What the task asks
Within the material below, how many lines include "zero"? Answer with the count only.

Material for this exercise
(* Let $n\ge 2$ be an integer and let $$\mathcal{T}_n:=\{(0,S_1,\dots,S_{2n})\in\mathbb{Z}^{2n+1}: |S_i-S_{i-1}|=1 \text{ for } 1\le i\le 2n\ (S_0=0),\ S_{2n}=0,\ S_i\ge 0 \text{ for all } 1\le i\le 2n-1\}.$$ For a path $(0,S_1,\dots,S_{2n})\in\mathcal{T}_n$ let $N(0,S_1,\dots,S_{2n}):=|\{i\in\{1,\dots,n-1\}: S_{2i}=0\}|$, and set $$C_n:=\{S\in\mathcal{T}_n: N(S)=0\},\qquad D_n:=\{S\in\mathcal{T}_n: N(S)=1\}.$$ For $(0,S_1,\dots,S_{2n})\in C_n$ let $\tau:=\min\{k>1: S_k=1\}$, and for $\ell=1,\dots,2n$ define $$T_\ell:=\begin{cases}S_\ell-2 & \text{if } 1<\ell<\tau \text{ and } S_{\ell+1}=S_\ell-1,\\ S_\ell & \text{otherwise},\end{cases}$$ and let $\Phi_2(0,S_1,\dots,S_{2n}):=(0,T_1,\dots,T_{2n})$. Then $\Phi_2$ is a well-defined map from $C_n$ to $D_n$ and it is a bijection between $C_n$ and $D_n$.
   Context: $C_n$ is the set of $2n$-step simple random walk paths from $0$ to $0$ that are strictly positive at all intermediate times $1,\dots,2n-1$; $D_n$ is the set of $2n$-step simple random walk paths from $0$ to $0$ that are nonnegative at all times and return to $0$ at exactly one intermediate time. *)

theory Defs
  imports Main
begin

text \<open>A path (0,S_1,...,S_2n) is represented as an int list of length 2n+1,
  whose i-th entry is S_i.\<close>

definition T :: "nat \<Rightarrow> int list set" where
  "T n = {S. length S = 2*n + 1 \<and> S ! 0 = 0
            \<and> (\<forall>i\<in>{1..2*n}. \<bar>S ! i - S ! (i - 1)\<bar> = 1)
            \<and> S ! (2*n) = 0
            \<and> (\<forall>i\<in>{1..2*n-1}. S ! i \<ge> 0)}"

definition N :: "nat \<Rightarrow> int list \<Rightarrow> nat" where
  "N n S = card {i\<in>{1..n-1}. S ! (2*i) = 0}"

definition C :: "nat \<Rightarrow> int list set" where
  "C n = {S\<in>T n. N n S = 0}"

definition D :: "nat \<Rightarrow> int list set" where
  "D n = {S\<in>T n. N n S = 1}"

definition tau :: "int list \<Rightarrow> nat" where
  "tau S = (LEAST k. k > 1 \<and> S ! k = 1)"

definition Phi2 :: "int list \<Rightarrow> int list" where
  "Phi2 S = map (\<lambda>l. if 1 < l \<and> l < tau S \<and> S ! (l+1) = S ! l - 1
                      then S ! l - 2 else S ! l) [0..<length S]"

end

(* A path in C n is strictly positive, so it starts with an up-step and first comes back
   to height 1 at some time tau.  On [0, tau) the map Phi2 shifts the path one step left
   and one unit down, which moves the initial up-step to time tau; the image then touches
   zero exactly once, at time tau - 1.  Conversely, moving the up-step that follows the
   unique return of a path in D n to the front yields a strictly positive path, and the
   two moves are mutually inverse. *)

theory Submission
  imports Defs
begin

lemma T_memI:
  assumes "length S = 2*n+1" "S!0 = 0" "S!(2*n) = 0"
    and "\<And>i. 1 \<le> i \<Longrightarrow> i \<le> 2*n \<Longrightarrow> \<bar>S!i - S!(i-1)\<bar> = 1"
    and "\<And>i. 1 \<le> i \<Longrightarrow> i \<le> 2*n-1 \<Longrightarrow> 0 \<le> S!i"
  shows "S \<in> T n"
  using assms by (auto simp: T_def)

lemma T_length: "S \<in> T n \<Longrightarrow> length S = 2*n+1"
  by (simp add: T_def)

lemma T_start: "S \<in> T n \<Longrightarrow> S!0 = 0"
  by (simp add: T_def)

lemma T_end: "S \<in> T n \<Longrightarrow> S!(2*n) = 0"
  by (simp add: T_def)

lemma T_step: "S \<in> T n \<Longrightarrow> 1 \<le> i \<Longrightarrow> i \<le> 2*n \<Longrightarrow> \<bar>S!i - S!(i-1)\<bar> = 1"
  by (simp add: T_def)

lemma T_nonneg:
  assumes "S \<in> T n" "i \<le> 2*n"
  shows "0 \<le> S!i"
  using assms T_start[OF assms(1)] T_end[OF assms(1)]
  by (cases "i = 0 \<or> i = 2*n") (auto simp: T_def)

lemma T_parity:
  assumes "S \<in> T n"
  shows "i \<le> 2*n \<Longrightarrow> even (S!i) \<longleftrightarrow> even i"
proof (induction i)
  case 0
  then show ?case using T_start[OF assms] by simp
next
  case (Suc i)
  then have "\<bar>S!(Suc i) - S!i\<bar> = 1"
    using T_step[OF assms, of "Suc i"] by simp
  then have "S!(Suc i) = S!i + 1 \<or> S!(Suc i) = S!i - 1"
    by arith
  with Suc show ?case by auto
qed

definition returns :: "nat \<Rightarrow> int list \<Rightarrow> nat set" where
  "returns n S = {i \<in> {1..2*n-1}. S!i = 0}"

lemma finite_returns [simp]: "finite (returns n S)"
  by (simp add: returns_def)

text \<open>A path can only vanish at even times, so N counts all its returns to zero.\<close>

lemma N_eq_card_returns:
  assumes "S \<in> T n"
  shows "N n S = card (returns n S)"
proof -
  have "returns n S = (\<lambda>i. 2*i) ` {i \<in> {1..n-1}. S!(2*i) = 0}"
  proof (rule set_eqI, rule iffI)
    fix i assume i: "i \<in> returns n S"
    then have "even i"
      using T_parity[OF assms, of i] by (auto simp: returns_def)
    then show "i \<in> (\<lambda>i. 2*i) ` {i \<in> {1..n-1}. S!(2*i) = 0}"
      using i by (auto simp: returns_def elim!: evenE)
  qed (auto simp: returns_def)
  then show ?thesis
    by (simp add: N_def card_image inj_on_def)
qed

lemma mem_C_iff: "S \<in> C n \<longleftrightarrow> S \<in> T n \<and> returns n S = {}"
  by (auto simp: C_def N_eq_card_returns)

lemma mem_D_iff: "U \<in> D n \<longleftrightarrow> U \<in> T n \<and> (\<exists>z. returns n U = {z})"
  by (auto simp: D_def N_eq_card_returns card_1_singleton_iff)

lemma C_pos:
  assumes "S \<in> C n" "1 \<le> i" "i \<le> 2*n-1"
  shows "0 < S!i"
  using assms T_nonneg[of S n i] by (fastforce simp: mem_C_iff returns_def)

lemma C_before_end:
  assumes "S \<in> C n" "1 \<le> n"
  shows "S!(2*n-1) = 1"
proof -
  have "S \<in> T n" using assms(1) by (simp add: mem_C_iff)
  then have "\<bar>S!(2*n) - S!(2*n-1)\<bar> = 1" "S!(2*n) = 0"
    using T_step[of S n "2*n"] T_end assms(2) by simp_all
  moreover have "0 < S!(2*n-1)" using C_pos[OF assms(1)] assms(2) by simp
  ultimately show ?thesis by simp
qed

lemma tau_spec:
  assumes "1 < k" "S!k = 1"
  shows "1 < tau S" "tau S \<le> k" "S!(tau S) = 1"
  using LeastI[of "\<lambda>k. 1 < k \<and> S!k = 1" k] Least_le[of "\<lambda>k. 1 < k \<and> S!k = 1" k] assms
  by (simp_all add: tau_def)

lemma nth_ne_1_before_tau: "1 < j \<Longrightarrow> j < tau S \<Longrightarrow> S!j \<noteq> 1"
  unfolding tau_def using not_less_Least by blast

lemma tau_eqI:
  assumes "1 < k" "S!k = 1" "\<And>j. 1 < j \<Longrightarrow> j < k \<Longrightarrow> S!j \<noteq> 1"
  shows "tau S = k"
  unfolding tau_def using assms by (intro Least_equality) (auto simp: not_le[symmetric])

text \<open>In terms of steps, lower_prefix k moves the first step of a path (an up-step) to
  time k, and raise_prefix k moves the up-step at time k back to the start.\<close>

definition lower_prefix :: "nat \<Rightarrow> int list \<Rightarrow> int list" where
  "lower_prefix k S = map (\<lambda>m. if m < k then S!(m+1) - 1 else S!m) [0..<length S]"

definition raise_prefix :: "nat \<Rightarrow> int list \<Rightarrow> int list" where
  "raise_prefix k U =
     map (\<lambda>l. if l = 0 then 0 else if l \<le> k then U!(l-1) + 1 else U!l) [0..<length U]"

lemma length_lower_prefix [simp]: "length (lower_prefix k S) = length S"
  by (simp add: lower_prefix_def)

Output
2